Price cutting is invoked as the salvation, believing that lower prices will increase sales volumes. Footnote: with a limp value proposition, driving prices down also drives revenue down. Most products in the commodity category are price elastic folks!

With revenues going south, management decrees that costs be reduced to preserve operating margins. Across-the-board cost cutting is ordered as a “balanced” approach which means customer serving functions get whacked; fewer frontline people are expected to handle increased volumes of calls (from the price reductions).

Customer service suffers.

Customers look for alternative suppliers. Degenerating service creates an immediate disloyalty response. Customers find it easy to switch suppliers since so many alternatives are in their faces; they are coveted by many other providers.

Revenues spiral downward; margins are squeezed; more costs are sliced from company operations; customers are casualties.

It’s a relentless cycle.

Leadership looks for a short term strategy to reverse the trend; they are forced to abandon a longer term growth view.
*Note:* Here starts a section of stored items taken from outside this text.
(* Let $s,t\geq 0$ and let $\{\varphi_n\}_{n\in\mathbb{N}}$ be a sequence of elements of $\mathcal{S}^{s}_{t}(\mathbb{R}^d)$. Then $\{\varphi_n\}$ converges in $\mathcal{S}^{s}_{t}(\mathbb{R}^d)$ if and only if $\{\varphi_n\}$ is bounded in $\mathcal{S}^{s}_{t}(\mathbb{R}^d)$ and it converges pointwise on $\mathbb{R}^d$.
   Context: For $s,t\geq 0$, the Gelfand-Shilov space $\mathcal{S}^{s}_{t}(\mathbb{R}^d)$ is the set of $\varphi\in\mathcal{S}(\mathbb{R}^d)$ for which there is $h>0$ with $p_h^{s,t}(\varphi)=\sup_{x\in\mathbb{R}^d,\alpha,\beta\in\mathbb{N}^d}\frac{h^{|\alpha+\beta|}}{\alpha!^{t}\beta!^{s}}|x^\alpha\partial^\beta\varphi(x)|<\infty$; it carries the inductive limit topology defined by these norms (as $h\to 0^+$). *)

theory Defs
  imports "HOL-Analysis.Analysis"
begin

text \<open>Functions on R^d are modelled as maps real^'n \<Rightarrow> complex, with 'n a finite index type
  (d = CARD('n)). Multi-indices are maps 'n \<Rightarrow> nat.\<close>

type_synonym 'n mindex = "'n \<Rightarrow> nat"

definition mi_abs :: "'n::finite mindex \<Rightarrow> nat" where
  "mi_abs \<alpha> = (\<Sum>i\<in>UNIV. \<alpha> i)"

definition mi_fact :: "'n::finite mindex \<Rightarrow> real" where
  "mi_fact \<alpha> = (\<Prod>i\<in>UNIV. fact (\<alpha> i))"

definition mi_pow :: "real^'n::finite \<Rightarrow> 'n mindex \<Rightarrow> real" where
  "mi_pow x \<alpha> = (\<Prod>i\<in>UNIV. (x $ i) ^ (\<alpha> i))"

definition pder :: "'n::finite \<Rightarrow> (real^'n \<Rightarrow> complex) \<Rightarrow> (real^'n \<Rightarrow> complex)" where
  "pder i f = (\<lambda>x. frechet_derivative f (at x) (axis i 1))"

definition idx_list :: "'n::finite list" where
  "idx_list = (SOME xs. distinct xs \<and> set xs = UNIV)"

text \<open>Higher partial derivative \<partial>^\<beta> (for smooth functions the order is irrelevant).\<close>
definition Dpart :: "'n::finite mindex \<Rightarrow> (real^'n \<Rightarrow> complex) \<Rightarrow> (real^'n \<Rightarrow> complex)" where
  "Dpart \<beta> f = foldr (\<lambda>i g. (pder i ^^ \<beta> i) g) idx_list f"

definition smooth_fun :: "(real^'n::finite \<Rightarrow> complex) \<Rightarrow> bool" where
  "smooth_fun f \<longleftrightarrow> (\<forall>\<beta> x. Dpart \<beta> f differentiable (at x))"

definition schwartz :: "(real^'n::finite \<Rightarrow> complex) set" where
  "schwartz = {f. smooth_fun f \<and>
     (\<forall>\<alpha> \<beta>. \<exists>C. \<forall>x. norm (of_real (mi_pow x \<alpha>) * Dpart \<beta> f x) \<le> C)}"

definition GS_term :: "real \<Rightarrow> real \<Rightarrow> real \<Rightarrow> (real^'n::finite \<Rightarrow> complex)
    \<Rightarrow> real^'n \<Rightarrow> 'n mindex \<Rightarrow> 'n mindex \<Rightarrow> real" where
  "GS_term s t h \<phi> x \<alpha> \<beta> =
     h ^ (mi_abs \<alpha> + mi_abs \<beta>) / (mi_fact \<alpha> powr t * mi_fact \<beta> powr s)
       * norm (of_real (mi_pow x \<alpha>) * Dpart \<beta> \<phi> x)"

definition GS_finite :: "real \<Rightarrow> real \<Rightarrow> real \<Rightarrow> (real^'n::finite \<Rightarrow> complex) \<Rightarrow> bool" where
  "GS_finite s t h \<phi> \<longleftrightarrow> (\<exists>C. \<forall>x \<alpha> \<beta>. GS_term s t h \<phi> x \<alpha> \<beta> \<le> C)"

text \<open>The norm p_h^{s,t} (meaningful when GS_finite s t h \<phi>).\<close>
definition GS_norm :: "real \<Rightarrow> real \<Rightarrow> real \<Rightarrow> (real^'n::finite \<Rightarrow> complex) \<Rightarrow> real" where
  "GS_norm s t h \<phi> = (SUP (x, \<alpha>, \<beta>)\<in>UNIV. GS_term s t h \<phi> x \<alpha> \<beta>)"

definition GS :: "real \<Rightarrow> real \<Rightarrow> (real^'n::finite \<Rightarrow> complex) set" where
  "GS s t = {\<phi>. \<phi> \<in> schwartz \<and> (\<exists>h>0. GS_finite s t h \<phi>)}"

text \<open>Continuous seminorms for the (locally convex) inductive limit topology:
  exactly the seminorms on S^s_t whose restriction to every step space
  {\<phi>. p_h(\<phi>) < \<infinity>} is continuous for p_h. These seminorms generate the
  inductive limit topology.\<close>
definition GS_cont_seminorm :: "real \<Rightarrow> real \<Rightarrow> ((real^'n::finite \<Rightarrow> complex) \<Rightarrow> real) \<Rightarrow> bool" where
  "GS_cont_seminorm s t q \<longleftrightarrow>
     (\<forall>\<phi>\<in>GS s t. 0 \<le> q \<phi>) \<and>
     (\<forall>\<phi>\<in>GS s t. \<forall>\<psi>\<in>GS s t. q (\<lambda>x. \<phi> x + \<psi> x) \<le> q \<phi> + q \<psi>) \<and>
     (\<forall>\<phi>\<in>GS s t. \<forall>c::complex. q (\<lambda>x. c * \<phi> x) = norm c * q \<phi>) \<and>
     (\<forall>h>0. \<exists>C. \<forall>\<phi>\<in>GS s t. GS_finite s t h \<phi> \<longrightarrow> q \<phi> \<le> C * GS_norm s t h \<phi>)"

definition GS_converges :: "real \<Rightarrow> real \<Rightarrow> (nat \<Rightarrow> real^'n::finite \<Rightarrow> complex) \<Rightarrow> bool" where
  "GS_converges s t \<phi>s \<longleftrightarrow>
     (\<exists>\<phi>\<in>GS s t. \<forall>q. GS_cont_seminorm s t q \<longrightarrow>
        (\<lambda>n. q (\<lambda>x. \<phi>s n x - \<phi> x)) \<longlonglongrightarrow> 0)"

definition GS_bounded :: "real \<Rightarrow> real \<Rightarrow> (nat \<Rightarrow> real^'n::finite \<Rightarrow> complex) \<Rightarrow> bool" where
  "GS_bounded s t \<phi>s \<longleftrightarrow>
     (\<forall>q. GS_cont_seminorm s t q \<longrightarrow> (\<exists>M. \<forall>n. q (\<phi>s n) \<le> M))"

end

theory Submission
  imports Defs
begin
The organization looks to acquisitions as a “fast and easy” way to expand their customer base and bolster their revenue line. This process burns valuable time and people resources and is limited by financial capabilities due to shrinking margins and an unhealthy balance sheet.

Acquisition activities shift priorities away from fixing the @home value proposition issues to assessing potential acquisition candidates and determine how to integrate the winner into the buyer’s overall operations and culture.

Revenues continue to decline; confidence erodes.

The cycle becomes entrenched; the organization explores selling off assets to improve financial results.

No investments are made in solving the endemic value proposition issue they face.

It’s not a matter IF they will die; it’s a question of WHEN it will happen - how long can they hang on.

When customers start to leave, they are telling you that you are becoming irrelevant; you don’t have any uniqueness relative to your competitors.

You are the SAME as them.

Fix THAT problem and the revenue line will take care of itself.